TASK INSTRUCTIONS:
Show all lines below holding the string "UNIV".

Stored data:
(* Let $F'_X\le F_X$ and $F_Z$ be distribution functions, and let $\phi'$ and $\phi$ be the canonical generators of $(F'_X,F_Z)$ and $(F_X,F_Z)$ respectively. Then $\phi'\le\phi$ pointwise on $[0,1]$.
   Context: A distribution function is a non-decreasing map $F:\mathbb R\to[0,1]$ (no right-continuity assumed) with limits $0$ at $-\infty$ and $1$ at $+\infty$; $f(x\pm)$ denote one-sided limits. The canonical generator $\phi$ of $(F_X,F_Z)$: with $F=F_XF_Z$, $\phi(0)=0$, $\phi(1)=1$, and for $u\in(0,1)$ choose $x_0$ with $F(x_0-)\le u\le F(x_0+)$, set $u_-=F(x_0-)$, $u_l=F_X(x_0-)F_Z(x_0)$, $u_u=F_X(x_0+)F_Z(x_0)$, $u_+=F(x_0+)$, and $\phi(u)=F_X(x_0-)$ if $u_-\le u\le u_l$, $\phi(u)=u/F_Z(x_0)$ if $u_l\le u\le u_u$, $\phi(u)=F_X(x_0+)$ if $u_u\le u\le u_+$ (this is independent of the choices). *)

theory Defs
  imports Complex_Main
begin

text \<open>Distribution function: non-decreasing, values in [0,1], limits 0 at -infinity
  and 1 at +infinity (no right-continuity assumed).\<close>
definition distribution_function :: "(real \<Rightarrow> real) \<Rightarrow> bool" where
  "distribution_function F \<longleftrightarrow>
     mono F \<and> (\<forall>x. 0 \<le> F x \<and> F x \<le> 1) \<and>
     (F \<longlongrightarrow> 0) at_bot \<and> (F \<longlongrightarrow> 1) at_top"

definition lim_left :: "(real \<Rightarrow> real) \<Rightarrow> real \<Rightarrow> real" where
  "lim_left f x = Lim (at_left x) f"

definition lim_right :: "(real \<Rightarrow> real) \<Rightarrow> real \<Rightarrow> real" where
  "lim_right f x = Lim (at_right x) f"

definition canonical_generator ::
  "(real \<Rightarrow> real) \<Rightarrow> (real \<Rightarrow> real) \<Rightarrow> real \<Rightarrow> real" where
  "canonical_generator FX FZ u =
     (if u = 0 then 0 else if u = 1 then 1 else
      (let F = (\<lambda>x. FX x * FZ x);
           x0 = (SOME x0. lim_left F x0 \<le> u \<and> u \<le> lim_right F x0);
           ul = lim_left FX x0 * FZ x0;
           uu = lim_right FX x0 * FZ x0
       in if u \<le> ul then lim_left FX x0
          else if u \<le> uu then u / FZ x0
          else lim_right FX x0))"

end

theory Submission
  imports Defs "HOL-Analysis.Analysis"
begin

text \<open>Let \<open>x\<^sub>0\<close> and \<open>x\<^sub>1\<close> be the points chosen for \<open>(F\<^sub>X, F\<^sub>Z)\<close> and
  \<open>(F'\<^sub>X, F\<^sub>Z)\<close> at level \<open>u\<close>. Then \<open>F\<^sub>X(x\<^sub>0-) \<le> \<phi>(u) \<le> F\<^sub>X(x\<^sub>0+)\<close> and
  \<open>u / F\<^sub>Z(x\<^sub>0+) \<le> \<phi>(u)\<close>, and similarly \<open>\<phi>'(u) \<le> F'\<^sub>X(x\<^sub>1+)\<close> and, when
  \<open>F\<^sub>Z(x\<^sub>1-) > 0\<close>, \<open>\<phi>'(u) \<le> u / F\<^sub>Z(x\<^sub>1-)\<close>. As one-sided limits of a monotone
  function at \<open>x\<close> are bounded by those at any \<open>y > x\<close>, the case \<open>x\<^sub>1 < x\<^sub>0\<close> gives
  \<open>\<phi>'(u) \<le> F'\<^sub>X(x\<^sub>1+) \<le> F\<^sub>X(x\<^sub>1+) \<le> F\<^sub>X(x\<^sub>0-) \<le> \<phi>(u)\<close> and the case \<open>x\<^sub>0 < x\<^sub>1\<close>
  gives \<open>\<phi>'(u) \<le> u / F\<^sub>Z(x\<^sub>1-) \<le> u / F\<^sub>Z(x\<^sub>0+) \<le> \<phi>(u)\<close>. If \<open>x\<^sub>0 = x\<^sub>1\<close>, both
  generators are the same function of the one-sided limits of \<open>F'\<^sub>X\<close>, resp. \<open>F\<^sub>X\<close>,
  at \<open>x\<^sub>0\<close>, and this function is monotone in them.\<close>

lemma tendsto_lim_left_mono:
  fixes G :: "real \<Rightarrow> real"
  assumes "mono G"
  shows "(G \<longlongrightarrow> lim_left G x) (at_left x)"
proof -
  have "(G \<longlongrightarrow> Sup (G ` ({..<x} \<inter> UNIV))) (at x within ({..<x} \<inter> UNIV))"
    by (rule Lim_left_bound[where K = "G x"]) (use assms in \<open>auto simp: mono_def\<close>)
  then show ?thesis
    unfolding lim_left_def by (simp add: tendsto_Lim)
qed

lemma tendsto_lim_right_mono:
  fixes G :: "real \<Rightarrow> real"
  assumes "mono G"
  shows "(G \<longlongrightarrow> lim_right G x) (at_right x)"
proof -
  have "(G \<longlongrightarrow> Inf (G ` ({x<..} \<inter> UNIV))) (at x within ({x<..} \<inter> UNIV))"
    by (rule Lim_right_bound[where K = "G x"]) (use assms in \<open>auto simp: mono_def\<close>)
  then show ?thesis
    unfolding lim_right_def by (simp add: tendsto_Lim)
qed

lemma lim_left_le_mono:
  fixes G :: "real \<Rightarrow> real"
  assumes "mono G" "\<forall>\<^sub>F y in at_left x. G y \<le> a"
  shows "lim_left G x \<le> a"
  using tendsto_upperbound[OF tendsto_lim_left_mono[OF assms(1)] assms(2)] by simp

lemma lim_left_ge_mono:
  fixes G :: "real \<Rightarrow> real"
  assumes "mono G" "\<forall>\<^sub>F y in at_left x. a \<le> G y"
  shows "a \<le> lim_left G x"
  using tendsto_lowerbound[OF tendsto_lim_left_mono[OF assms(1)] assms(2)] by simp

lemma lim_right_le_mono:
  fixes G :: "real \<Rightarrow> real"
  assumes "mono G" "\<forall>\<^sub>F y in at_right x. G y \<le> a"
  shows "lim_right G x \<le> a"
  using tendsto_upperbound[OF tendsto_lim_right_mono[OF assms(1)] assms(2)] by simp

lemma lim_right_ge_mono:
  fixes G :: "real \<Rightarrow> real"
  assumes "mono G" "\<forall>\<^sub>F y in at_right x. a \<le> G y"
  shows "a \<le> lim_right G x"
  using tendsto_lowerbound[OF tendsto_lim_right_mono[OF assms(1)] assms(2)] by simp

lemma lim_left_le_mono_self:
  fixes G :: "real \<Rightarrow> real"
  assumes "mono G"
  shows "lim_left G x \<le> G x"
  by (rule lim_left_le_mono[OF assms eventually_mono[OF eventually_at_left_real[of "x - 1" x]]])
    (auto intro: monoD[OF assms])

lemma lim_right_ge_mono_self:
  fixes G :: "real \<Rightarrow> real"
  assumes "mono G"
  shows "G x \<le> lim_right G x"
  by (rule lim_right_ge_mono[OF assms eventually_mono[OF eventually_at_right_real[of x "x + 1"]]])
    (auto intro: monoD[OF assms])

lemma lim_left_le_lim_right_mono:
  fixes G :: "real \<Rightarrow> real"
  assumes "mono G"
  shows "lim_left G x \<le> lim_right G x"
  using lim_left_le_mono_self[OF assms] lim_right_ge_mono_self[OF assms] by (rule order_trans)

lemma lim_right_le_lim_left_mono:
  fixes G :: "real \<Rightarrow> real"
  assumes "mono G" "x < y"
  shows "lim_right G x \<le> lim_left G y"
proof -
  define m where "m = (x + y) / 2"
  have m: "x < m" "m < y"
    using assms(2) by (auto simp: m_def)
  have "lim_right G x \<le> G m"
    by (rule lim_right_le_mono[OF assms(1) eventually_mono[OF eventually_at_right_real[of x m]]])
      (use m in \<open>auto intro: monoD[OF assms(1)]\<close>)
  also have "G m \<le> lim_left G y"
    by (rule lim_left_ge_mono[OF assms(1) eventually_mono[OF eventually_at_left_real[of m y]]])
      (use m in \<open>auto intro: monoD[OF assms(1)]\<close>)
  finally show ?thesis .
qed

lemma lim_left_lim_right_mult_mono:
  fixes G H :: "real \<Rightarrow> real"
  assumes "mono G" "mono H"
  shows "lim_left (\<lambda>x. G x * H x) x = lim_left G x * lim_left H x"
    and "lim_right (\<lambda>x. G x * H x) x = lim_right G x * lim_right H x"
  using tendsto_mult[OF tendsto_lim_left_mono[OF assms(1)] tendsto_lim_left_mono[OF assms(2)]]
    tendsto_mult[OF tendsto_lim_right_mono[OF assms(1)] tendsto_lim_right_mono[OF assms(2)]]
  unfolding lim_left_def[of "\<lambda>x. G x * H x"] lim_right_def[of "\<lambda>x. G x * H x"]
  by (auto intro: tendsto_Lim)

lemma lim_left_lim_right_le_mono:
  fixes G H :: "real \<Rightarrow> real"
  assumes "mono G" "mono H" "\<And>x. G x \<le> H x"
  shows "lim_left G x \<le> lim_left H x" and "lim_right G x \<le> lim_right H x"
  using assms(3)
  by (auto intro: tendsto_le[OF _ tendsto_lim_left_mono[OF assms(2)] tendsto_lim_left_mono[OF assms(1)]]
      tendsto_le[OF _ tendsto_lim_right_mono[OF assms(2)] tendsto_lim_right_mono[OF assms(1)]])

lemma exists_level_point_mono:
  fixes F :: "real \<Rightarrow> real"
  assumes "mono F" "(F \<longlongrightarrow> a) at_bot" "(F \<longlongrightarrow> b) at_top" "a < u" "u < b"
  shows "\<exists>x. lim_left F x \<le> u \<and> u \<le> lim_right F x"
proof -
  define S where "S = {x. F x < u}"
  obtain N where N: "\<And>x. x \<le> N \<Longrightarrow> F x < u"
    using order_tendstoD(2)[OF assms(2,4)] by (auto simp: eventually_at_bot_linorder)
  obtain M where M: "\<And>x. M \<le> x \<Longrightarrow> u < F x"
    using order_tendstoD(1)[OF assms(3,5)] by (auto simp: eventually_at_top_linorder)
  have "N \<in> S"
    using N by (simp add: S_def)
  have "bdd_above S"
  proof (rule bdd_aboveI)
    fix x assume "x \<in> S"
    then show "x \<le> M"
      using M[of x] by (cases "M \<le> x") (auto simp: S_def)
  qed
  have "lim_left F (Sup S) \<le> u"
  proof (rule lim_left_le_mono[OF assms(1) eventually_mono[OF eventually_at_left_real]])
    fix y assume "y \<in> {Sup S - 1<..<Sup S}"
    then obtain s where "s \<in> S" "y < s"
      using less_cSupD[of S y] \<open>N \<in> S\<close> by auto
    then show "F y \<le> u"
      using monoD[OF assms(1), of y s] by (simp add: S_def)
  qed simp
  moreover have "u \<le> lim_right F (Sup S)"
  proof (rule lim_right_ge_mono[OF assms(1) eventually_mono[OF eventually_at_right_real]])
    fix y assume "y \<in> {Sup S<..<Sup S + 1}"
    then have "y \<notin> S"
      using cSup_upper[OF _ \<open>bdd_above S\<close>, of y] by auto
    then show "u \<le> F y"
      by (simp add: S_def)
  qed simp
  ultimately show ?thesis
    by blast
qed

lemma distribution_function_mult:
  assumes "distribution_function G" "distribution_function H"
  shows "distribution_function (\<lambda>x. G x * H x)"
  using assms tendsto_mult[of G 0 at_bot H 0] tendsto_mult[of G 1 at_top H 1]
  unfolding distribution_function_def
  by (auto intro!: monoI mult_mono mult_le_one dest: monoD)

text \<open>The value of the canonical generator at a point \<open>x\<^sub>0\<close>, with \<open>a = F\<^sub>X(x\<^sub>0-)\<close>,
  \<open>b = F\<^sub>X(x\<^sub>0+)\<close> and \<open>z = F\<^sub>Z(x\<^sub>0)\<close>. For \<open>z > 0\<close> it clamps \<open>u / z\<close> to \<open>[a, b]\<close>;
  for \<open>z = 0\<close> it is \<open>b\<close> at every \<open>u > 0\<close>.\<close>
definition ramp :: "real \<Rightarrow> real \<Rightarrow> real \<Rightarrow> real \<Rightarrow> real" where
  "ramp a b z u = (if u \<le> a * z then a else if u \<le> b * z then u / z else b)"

RESPONSE:
  have "(G \<longlongrightarrow> Sup (G ` ({..<x} \<inter> UNIV))) (at x within ({..<x} \<inter> UNIV))"
  have "(G \<longlongrightarrow> Inf (G ` ({x<..} \<inter> UNIV))) (at x within ({x<..} \<inter> UNIV))"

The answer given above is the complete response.